Żołnierz Kazimierz

Lekceważenie ochrony słuchu w miejscu gdzie systematycznie występują gwałtowne hałasy prowadzi do ubytku słuchu. Jeśli już ubytek się pojawi to warto szybko uzbroić się w aparat słuchowy i bezstresowo korzystać z komunikacji miejskiej.

Janek: Kilka dni temu do gabinetu w Poznaniu przyszedł z ponowną wizytą pan Kazimierz.

Tym razem przyszedł kupić komplet baterii i przy okazji poprosić o lekkie podregulowanie swojego dousznego aparatu słuchowego.

Od czasu swojej pierwszej wizyty odwiedza mnie mniej więcej raz na około trzy miesiące. Pojawił się z polecenia laryngologa, do którego udał się, bo uzmysłowił sobie, że słaby słuch utrudnia mu codzienne funkcjonowanie - nie dosłyszał większości słów podczas rozmów z domownikami.

W wyniku badania laryngolog skierował go do mnie na dokładniejsze badanie słuchu nakierowane na dobór odpowiedniego do jego wady słuchu aparatu słuchowego. Lekarz stanowczo stwierdził, że powinien zacząć nosić aparat, bo miał dosyć duży ubytek – około siedemdziesiąt procent.

Tak więc, ubiegłego lata pan Kazimierz, energiczny sześćdziesięcioparolatek zjawił się u nas w celu badania słuchu i dobrania wygodnego aparatu słuchowego.

Podczas jego pierwszej wizyty przeprowadziłem krótki wywiad aby zorientować się jaka była geneza problemów ze słuchem pana Kazimierza.

Chętnie opowiedział mi o tym jak służył kiedyś w wojsku – były to lata siedemdziesiąte albo osiemdziesiąte - służył w artylerii. W tamtych czasach był inny stan świadomości na temat ochrony słuchu w miejscach i sytuacjach narażających człowieka na uszczerbek słuchu. Wtedy wojsko nie zalecało - a przynajmniej w jednostce w której służył pan Kazimierz – ani nie zapewniało żadnych ochronników słuchu. Żołnierze radzili sobie z hałasem zatykając uszy palcami przy wystrzale z działa. Jak nie trudno się domyśleć taka forma ochrony dawała raczej średnie wytłumienie i przez to sobie zniszczył słuch.

Pan Kazik wcześniej nie przejmował się zbytnio kwestią swojego słyszenia, bo pojawił się u mnie wiele lat po zakończeniu wojskowej kariery. Przed wizytą w moim gabinecie nigdy wcześniej nie miał styczności z aparatami słuchowymi.

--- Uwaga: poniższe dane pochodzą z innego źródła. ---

(* On the multiple-access channel, there is a symmetric stable protocol for each injection rate $\lambda<1/\mathrm{e}$.
   Context: Multiple-access channel: a set of stations share a single channel; in a time slot, a transmission is successful iff exactly one station transmits. Packets arrive over time at stations, either stochastically (finitely many independent generators, each injecting at most one packet per slot, with time-invariant distributions) or by a $(w,\lambda)$-bounded adversary; the injection rate is the expected number of packets injected per slot (stochastic case), respectively the adversary may inject at most $\lambda w$ packets in any $w$ consecutive slots. Symmetric: all stations run the same protocol and have no individual ids. Stable: expected queue lengths are bounded at all times and expected latency is bounded. *)

theory Defs
  imports "HOL-Probability.Probability"
begin

(* Multiple-access channel with stations 0..<n, stochastic injection by finitely many
   independent generators, symmetric protocols (every station runs the same protocol
   from the same initial state; no identifiers are visible to the protocol).

   A packet is identified by (injection slot, generator index); this is unique since a
   generator injects at most one packet per slot. Queues are FIFO lists of packets. *)

type_synonym pkt = "nat \<times> nat"
type_synonym lstate = "nat \<times> pkt list"     (* local protocol state, packet queue *)
type_synonym gstate = "nat \<Rightarrow> lstate"

(* A symmetric protocol (countable local state space, encoded in nat).
   mp_act s q : random action given local state s and queue length q:
                None = stay silent, Some m = transmit (with control bits m).
   mp_upd s a fb k : new local state after the slot, given own action a,
                channel feedback fb (Some m = a successful transmission carrying
                control bits m was heard; None = silence or collision, which are
                indistinguishable), and number k of packets newly injected at the station. *)
record mac_protocol =
  mp_init :: nat
  mp_act :: "nat \<Rightarrow> nat \<Rightarrow> nat option pmf"
  mp_upd :: "nat \<Rightarrow> nat option \<Rightarrow> nat option \<Rightarrow> nat \<Rightarrow> nat"

(* Generators: a list gs of per-slot distributions; gs!g yields None (no injection) or
   Some i (inject one packet at station i). Independent across generators and slots,
   and time invariant. *)
definition valid_gens :: "nat \<Rightarrow> nat option pmf list \<Rightarrow> bool" where
  "valid_gens n gs \<longleftrightarrow> (\<forall>g < length gs. \<forall>i. Some i \<in> set_pmf (gs ! g) \<longrightarrow> i < n)"

definition inj_rate :: "nat option pmf list \<Rightarrow> real" where
  "inj_rate gs = (\<Sum>g<length gs. measure_pmf.prob (gs ! g) {x. x \<noteq> None})"

(* Packets injected during
   slot t join the queues at the end of the slot. *)
definition mac_step :: "mac_protocol \<Rightarrow> nat \<Rightarrow> nat option pmf list \<Rightarrow> nat \<Rightarrow> gstate \<Rightarrow> gstate pmf" where
  "mac_step P n gs t \<sigma> =
     Pi_pmf {..<n} None (\<lambda>i. mp_act P (fst (\<sigma> i)) (length (snd (\<sigma> i)))) \<bind> (\<lambda>a.
     Pi_pmf {..<length gs} None (\<lambda>g. gs ! g) \<bind> (\<lambda>r.
     (let T = {i. i < n \<and> a i \<noteq> None};
          fb = (if card T = 1 then a (the_elem T) else None)
      in return_pmf (\<lambda>i. if i < n then
            (mp_upd P (fst (\<sigma> i)) (a i) fb (card {g. g < length gs \<and> r g = Some i}),
             (if T = {i} then tl (snd (\<sigma> i)) else snd (\<sigma> i))
               @ map (\<lambda>g. (t, g)) (filter (\<lambda>g. r g = Some i) [0..<length gs]))
          else \<sigma> i))))"

fun mac_run :: "mac_protocol \<Rightarrow> nat \<Rightarrow> nat option pmf list \<Rightarrow> nat \<Rightarrow> gstate pmf" where
  "mac_run P n gs 0 = return_pmf (\<lambda>i. (mp_init P, []))"
| "mac_run P n gs (Suc t) = mac_run P n gs t \<bind> mac_step P n gs t"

Po tym wprowadzeniu przeszliśmy do oględzin stanu ucha, które wykonałem przy użyciu otoskopu i sztabki świetlnej.

Następnie wykonałem dokładne badanie audiometrii tonalnej przy użyciu specjalistycznego sprzętu – audiometru firmy Oscillia. Badanie trwało około 15 min i po kilku kolejnych minutach przetwarzania danych przez komputer otrzymałem już wynik badania.

Omówiliśmy je dosyć szczegółowo, odpowiedział na wszystkie zadane mi przez pana Kazika pytania, np. czy wada mi się powiększy jak nie będę używał aparatu i przeciwnie – czy jak będzie go używał na co dzień to wada może zniknąć…

Odpowiedziałem, że poprawa słuchu jest raczej sam z siebie niemożliwa i raczej należy zakładać jej pogorszenie z czasem, ale dzięki możliwościom regulacji nowoczesnych aparatów słuchowych regularne (raz na 3-6 miesięcy) wizyty pozwolą dostrajać parametry aparatu do ewentualnie zmieniającego się ubytku słuchu.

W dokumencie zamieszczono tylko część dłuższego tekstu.